Directions
Give back exactly the lines from the one containing "then show ?thesis unfolding computable_def" through the end of the records, including both, and no others.

Records to use
========

lemma emeasure_id_cylinder:
  assumes J: "finite J" "J \<subseteq> lattice d" and p: "p \<in> PiE J (\<lambda>_. {0..<q})"
  shows "emeasure bernoulli {s \<in> space bernoulli. restrict ((\<lambda>s. s) s) J = p} = weight ^ card J"
  using emeasure_bernoulli_point_cylinder[OF J p] by simp

lemma finite_measure_distr: "G \<in> measurable bernoulli config_space \<Longrightarrow> finite_measure (distr bernoulli config_space G)"
  using prob_space.prob_space_distr[OF prob_space_bernoulli] unfolding prob_space_def by blast

lemma measurable_id_config_space: "(\<lambda>s. s) \<in> measurable bernoulli config_space" by (rule measurable_ident_sets[OF sets_bernoulli])

lemma distr_dca_global_eq_id:
  assumes d: "1 \<le> d" and S: surjective
  shows "distr bernoulli config_space F = distr bernoulli config_space (\<lambda>s. s)"
proof (rule measure_eqI_PiM_infinite[where I="lattice d" and M="\<lambda>_. count_space {0..<q}"])
  show "sets (distr bernoulli config_space F) = sets (PiM (lattice d) (\<lambda>_. count_space {0..<q}))"
    by (simp add: config_space_def)
  show "sets (distr bernoulli config_space (\<lambda>s. s)) = sets (PiM (lattice d) (\<lambda>_. count_space {0..<q}))"
    by (simp add: config_space_def)
  show "finite_measure (distr bernoulli config_space F)" by (rule finite_measure_distr[OF measurable_dca_global])
  fix A J assume J: "finite J" "J \<subseteq> lattice d" and A: "\<And>i. i \<in> J \<Longrightarrow> A i \<in> sets (count_space {0..<q})"
  have A': "\<And>i. i \<in> J \<Longrightarrow> A i \<subseteq> {0..<q}" using A by simp
  show "emeasure (distr bernoulli config_space F) (prod_emb (lattice d) (\<lambda>_. count_space {0..<q}) J (PiE J A)) =
        emeasure (distr bernoulli config_space (\<lambda>s. s)) (prod_emb (lattice d) (\<lambda>_. count_space {0..<q}) J (PiE J A))"
    using emeasure_distr_box[OF measurable_dca_global J emeasure_dca_global_cylinder[OF d S J] A']
      emeasure_distr_box[OF measurable_id_config_space J emeasure_id_cylinder[OF J] A'] by simp
qed

lemma distr_dca_global_neq_id:
  assumes "\<not> surjective"
  shows "distr bernoulli config_space F \<noteq> distr bernoulli config_space (\<lambda>s. s)"
proof
  assume eq: "distr bernoulli config_space F = distr bernoulli config_space (\<lambda>s. s)"
  have "F ` configs d {0..<q} \<subseteq> configs d {0..<q}"
    using measurable_space[OF measurable_dca_global] by (auto simp: space_bernoulli space_config_space)
  then obtain y where y: "y \<in> configs d {0..<q}" "y \<notin> F ` configs d {0..<q}"
    using assms unfolding surjective_def by blast
  obtain W where W: "finite W" "W \<subseteq> lattice d"
    and unmatched: "\<not> (\<exists>s\<in>configs d {0..<q}. \<forall>z\<in>W. cell s z = y z)"
    using in_image_if_windows_in_image[OF y(1)] y(2) by blast
  define p where "p = restrict y W"
  have p: "p \<in> PiE W (\<lambda>_. {0..<q})" using y(1) W(2) by (auto simp: p_def configs_def)
  have no_preimage: "{s \<in> space bernoulli. restrict (F s) W = p} = {}"
    using unmatched W(2) by (auto simp: p_def space_bernoulli dca_global_eq fun_eq_iff subset_iff)
  have "emeasure (distr bernoulli config_space F) (point_cylinder W p) = 0"
    by (simp only: emeasure_distr_point_cylinder[OF measurable_dca_global W p] no_preimage emeasure_empty)
  moreover have "emeasure (distr bernoulli config_space (\<lambda>s. s)) (point_cylinder W p) = weight ^ card W"
    using emeasure_distr_point_cylinder[OF measurable_id_config_space W p]
      emeasure_bernoulli_point_cylinder[OF W p] by simp
  moreover have "weight ^ card W \<noteq> 0" using q_pos by (simp add: weight_def)
  ultimately show False using eq by simp
qed

end

subsection \<open>The reduction\<close>

text \<open>The stochastic CA that applies the local rule of a deterministic CA to the random field,
  ignoring the current configuration, and the one that copies the random symbol at each cell.\<close>
definition random_rule_sca :: "dca \<Rightarrow> sca" where
  "random_rule_sca A = (case A of (q, V, tab) \<Rightarrow> (q, q, [], V, map (\<lambda>(w, a). (([], w), a)) tab))"

definition copy_random_sca :: "nat \<Rightarrow> nat \<Rightarrow> sca" where
  "copy_random_sca d q = (q, q, [], [replicate d 0], map (\<lambda>i. (([], [i]), i)) (rev [0..<q]))"

definition copy_entry_code :: "nat \<Rightarrow> nat" where
  "copy_entry_code i = prod_encode (prod_encode (0, list_encode [i]), i)"

definition copy_table_code :: "nat \<Rightarrow> nat" where
  "copy_table_code q = rec_nat 0 (\<lambda>n acc. Suc (prod_encode (copy_entry_code n, acc))) q"

definition lift_entry_code :: "nat \<Rightarrow> nat" where
  "lift_entry_code p = prod_encode (prod_encode (0, fst (prod_decode p)), snd (prod_decode p))"

definition origin_code :: "nat \<Rightarrow> nat" where
  "origin_code d = list_encode [list_encode (replicate d (int_encode 0))]"

definition reduction :: "nat \<Rightarrow> nat \<Rightarrow> nat" where
  "reduction d n = prod_encode
     (prod_encode (fst (prod_decode n), prod_encode (fst (prod_decode n), prod_encode (0,
        prod_encode (fst (prod_decode (snd (prod_decode n))),
                     map_code lift_entry_code (snd (prod_decode (snd (prod_decode n)))))))),
      prod_encode (fst (prod_decode n), prod_encode (fst (prod_decode n), prod_encode (0,
        prod_encode (origin_code d, copy_table_code (fst (prod_decode n)))))))"

lemma copy_table_code_eq: "copy_table_code q = list_encode (map copy_entry_code (rev [0..<q]))"
  by (induction q) (auto simp: copy_table_code_def)

lemma recursive1_copy_entry_code: "recursive1 copy_entry_code"
proof -
  have "recursive 1 (\<lambda>xs. prod_encode (prod_encode (0, Suc (prod_encode (xs!0, 0))), xs!0))"
    by (rule recursive2_apply[OF recursive2_prod_encode recursive2_apply[OF recursive2_prod_encode
          recursive_const recursive1_apply[OF recursive1_Suc recursive2_apply[OF recursive2_prod_encode
          recursive_arg_1_0 recursive_const]]] recursive_arg_1_0])
  then show ?thesis unfolding recursive1_def copy_entry_code_def by simp
qed

lemma recursive1_copy_table_code: "recursive1 copy_table_code"
proof -
  have "recursive 2 (\<lambda>xs. Suc (prod_encode (copy_entry_code (xs!0), xs!1)))"
    by (rule recursive1_apply[OF recursive1_Suc recursive2_apply[OF recursive2_prod_encode
          recursive1_apply[OF recursive1_copy_entry_code recursive_arg_2_0] recursive_arg_2_1]])
  then show ?thesis
    unfolding copy_table_code_def by (intro recursive1_rec_nat) (simp add: recursive2_def)
qed

lemma recursive1_lift_entry_code: "recursive1 lift_entry_code"
  unfolding recursive1_def lift_entry_code_def
  by (rule recursive2_apply[OF recursive2_prod_encode recursive2_apply[OF recursive2_prod_encode
        recursive_const recursive1_apply[OF recursive1_fst_prod_decode recursive_arg_1_0]]
        recursive1_apply[OF recursive1_snd_prod_decode recursive_arg_1_0]])

lemma computable_reduction: "computable (reduction d)"
proof -
  have fst: "recursive 1 (\<lambda>xs. fst (prod_decode (xs!0)))"
    and snd: "recursive 1 (\<lambda>xs. snd (prod_decode (xs!0)))"
    by (rule recursive1_apply[OF _ recursive_arg_1_0], fact recursive1_fst_prod_decode
        recursive1_snd_prod_decode)+
  note pair = recursive2_apply[OF recursive2_prod_encode]
  have "recursive 1 (\<lambda>xs. reduction d (xs!0))"
    unfolding reduction_def
    by (rule pair[OF pair[OF fst pair[OF fst pair[OF recursive_const pair[OF
          recursive1_apply[OF recursive1_fst_prod_decode snd]
          recursive1_apply[OF recursive1_map_code[OF recursive1_lift_entry_code]
            recursive1_apply[OF recursive1_snd_prod_decode snd]]]]]]
          pair[OF fst pair[OF fst pair[OF recursive_const pair[OF recursive_const
            recursive1_apply[OF recursive1_copy_table_code fst]]]]]])
  then obtain g where "recfn 1 g" "\<forall>xs. length xs = 1 \<longrightarrow> g xs = reduction d (xs!0)"
    unfolding recursive_def by blast
  then show ?thesis unfolding computable_def by (intro exI[of _ g]) auto
qed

========

Your response
  then show ?thesis unfolding computable_def by (intro exI[of _ g]) auto
qed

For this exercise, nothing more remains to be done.